Further discrepancies arose regarding a 2021 meeting where NASCAR senior leadership strategized for upcoming charter negotiations. O’Donnell summarized that France opposed a "most favored nations" clause, the abolition of the three-strike veto rule, and expressed a desire for NASCAR to own charters – provisions that were ultimately ratified in the 2025-2031 agreement. France initially claimed no memory of being involved in this meeting, but upon being shown O’Donnell’s email, he acknowledged, "It appears that way." O’Donnell’s email also quoted France with the overarching comment: "WE ARE IN COMPETITION. WE ARE GOING TO WIN." France, however, stated, "I don’t recall making those comments."

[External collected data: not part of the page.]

(* Let $(X,W)$ be a marked simplicial set. (1)(a) If $\mathrm{Ex}_+(X,W)$ is a quasicategory, then $(X,W)$ has the right lifting property with respect to $\{\mathrm{LJ}^n_k\hookrightarrow\mathrm{L}^n_k\mid n\ge2,\ 0<k\le n\}$. (1)(b) If $X$ is a quasicategory and $(X,W)$ satisfies CLF, then $\mathrm{Ex}_+(X,W)$ is a quasicategory. (2)(a) If $\mathrm{Ex}^{\mathrm{op}}_+(X,W)$ is a quasicategory, then $(X,W)$ has the right lifting property with respect to $\{\mathrm{RJ}^n_k\hookrightarrow\mathrm{R}^n_k\mid n\ge2,\ 0\le k<n\}$. (2)(b) If $X$ is a quasicategory and $(X,W)$ satisfies CRF, then $\mathrm{Ex}^{\mathrm{op}}_+(X,W)$ is a quasicategory.
   Context: A marked simplicial set is a pair $(X,W)$ where $X$ is a simplicial set and $W \subseteq X_1$ contains all degenerate $1$-simplices; marked maps preserve marked $1$-simplices. Posets are regarded as simplicial sets via the nerve; $[n]=\{0<\dots<n\}$. For $n\ge 0$, $0\le k\le n$, $\mathrm{L}^n_k$ is the nerve of the poset of subsets $A\subseteq[n]$ with $k\in A$, ordered by inclusion, where $A_0\subseteq A_1$ is marked iff $\max A_0=\max A_1$; $\mathrm{LJ}^n_k\subseteq \mathrm{L}^n_k$ is the maximal simplicial subset not containing the vertex $[n]$. $\mathrm{R}^n_k$ is the nerve of the opposite poset (arrows $A_0\to A_1$ when $A_0\supseteq A_1$), where $A_0\supseteq A_1$ is marked iff $\min A_0=\min A_1$; $\mathrm{RJ}^n_k\subseteq\mathrm{R}^n_k$ is the maximal simplicial subset omitting the vertex $[n]$. $W$ is weakly closed under composition if every map $\Lambda^2_1\to X$ with both edges marked extends to a $2$-simplex all of whose edges are marked. A marked quasicategory $(\mathcal{C},W)$ satisfies CLF if $W$ is weakly closed under composition and it has the right lifting property against all $\mathrm{LJ}^n_k\hookrightarrow\mathrm{L}^n_k$ ($n\ge2$, $0<k\le n$); it satisfies CRF if $W$ is weakly closed under composition and it has the right lifting property against all $\mathrm{RJ}^n_k\hookrightarrow\mathrm{R}^n_k$ ($n\ge2$, $0\le k<n$). Marked Ex: $\mathrm{sd}_+[n]$ is the nerve of the poset of non-empty subsets of $[n]$ ordered by inclusion, with $A_0\subseteq A_1$ marked iff $\max A_0=\max A_1$; $\mathrm{sd}^{\mathrm{op}}_+[n]$ is the nerve of the opposite poset, with $A_0\supseteq A_1$ marked iff $\min A_0=\min A_1$. Both are cosimplicial objects in marked simplicial sets via direct image of subsets. $\mathrm{Ex}_+(X,W)$ is the simplicial set with $n$-simplices the marked maps $\mathrm{sd}_+[n]\to(X,W)$, and $\mathrm{Ex}^{\mathrm{op}}_+(X,W)$ the simplicial set with $n$-simplices the marked maps $\mathrm{sd}^{\mathrm{op}}_+[n]\to(X,W)$. *)

theory Defs
  imports Main
begin

text \<open>A monotone map theta : [m] -> [n], represented by its values on {0..m}.\<close>
definition mono_map :: "(nat \<Rightarrow> nat) \<Rightarrow> nat \<Rightarrow> nat \<Rightarrow> bool" where
  "mono_map \<theta> m n \<longleftrightarrow> (\<forall>i j. i \<le> j \<longrightarrow> j \<le> m \<longrightarrow> \<theta> i \<le> \<theta> j) \<and> (\<forall>i\<le>m. \<theta> i \<le> n)"

text \<open>cells X n = set of n-simplices; act X theta m n x = X(theta)(x) for theta : [m] -> [n].\<close>
record 'a sset =
  cells :: "nat \<Rightarrow> 'a set"
  act :: "(nat \<Rightarrow> nat) \<Rightarrow> nat \<Rightarrow> nat \<Rightarrow> 'a \<Rightarrow> 'a"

Richard Childress Faces Unexpected Cross-Examination

While Richard Childress, owner of Richard Childress Racing (RCR), was expected to be a key figure in the trial, the headlines generated were not entirely as anticipated. Childress testified under direct examination from his attorney, Danielle Williams, about his desire for permanent charters, explaining his aspiration to eventually pass RCR down to his grandsons, Austin and Ty. However, during cross-examination by NASCAR’s attorney, Chris Yates, Childress was subjected to unexpected lines of questioning.

Yates first inquired about the ownership structure of RCR. Childress initially resisted answering, but Judge Kenneth D. Bell mandated a truthful response under oath. It was revealed that Childress owns 60 percent of the team, with the remaining 40 percent held by private equity firm Chartwell Investments.

The focus then shifted to Childress’s discussions with former NASCAR driver Bobby Hillin Jr. concerning Hillin’s exploration of purchasing a stake in RCR. This potential deal involved a group led by Hillin acquiring shares from both Childress and Chartwell Investments. Childress again expressed reluctance to answer, but was again compelled by Judge Bell. He stated that Chartwell was looking to exit the sport and that Hillin had approached him with the inquiry. Childress became agitated that NASCAR’s attorney possessed this information, which he believed was protected by non-disclosure agreements, and publicly revealed it in court. He asserted, "This isn’t what we are here for."

The proposed deal also conceptually included the purchase of a third charter. Childress confirmed Hillin’s discussions about this but stated he issued a termination letter because "they didn’t have the money, period."

Furthermore, Yates questioned Childress about financial audits conducted by Hillin’s group. These audits reportedly showed RCR had achieved a positive Earnings Before Interest, Taxes, Depreciation, and Amortization (EBITDA) every year of its 55-year existence. Childress expressed agitation, believing this information was also protected by an NDA. When asked if RCR’s consistent profitability was true, he responded, "I guess."

Following the dismissal of the jury, attorneys for 23XI and Front Row Motorsports requested that NASCAR turn over documents related to Hillin’s claims and identify the source of this information. Judge Bell instructed both parties to discuss the matter and present a resolution before 10 p.m. that evening.

Childress elaborated on RCR’s financial stability, explaining that his other businesses subsidize the race team. "I have other businesses to pay our bills for NASCAR," he stated. "I’d be broke if I was just doing the Cup teams." These ventures include a manufacturing shop producing chassis for Xfinity Series teams, as well as military contracts, ECR Engines, which supplies powerplants across the industry, and a vineyard. Despite this diversification, Childress concluded that the revenue generated by his other businesses should ideally be retained within his personal accounts rather than used to support his NASCAR operations.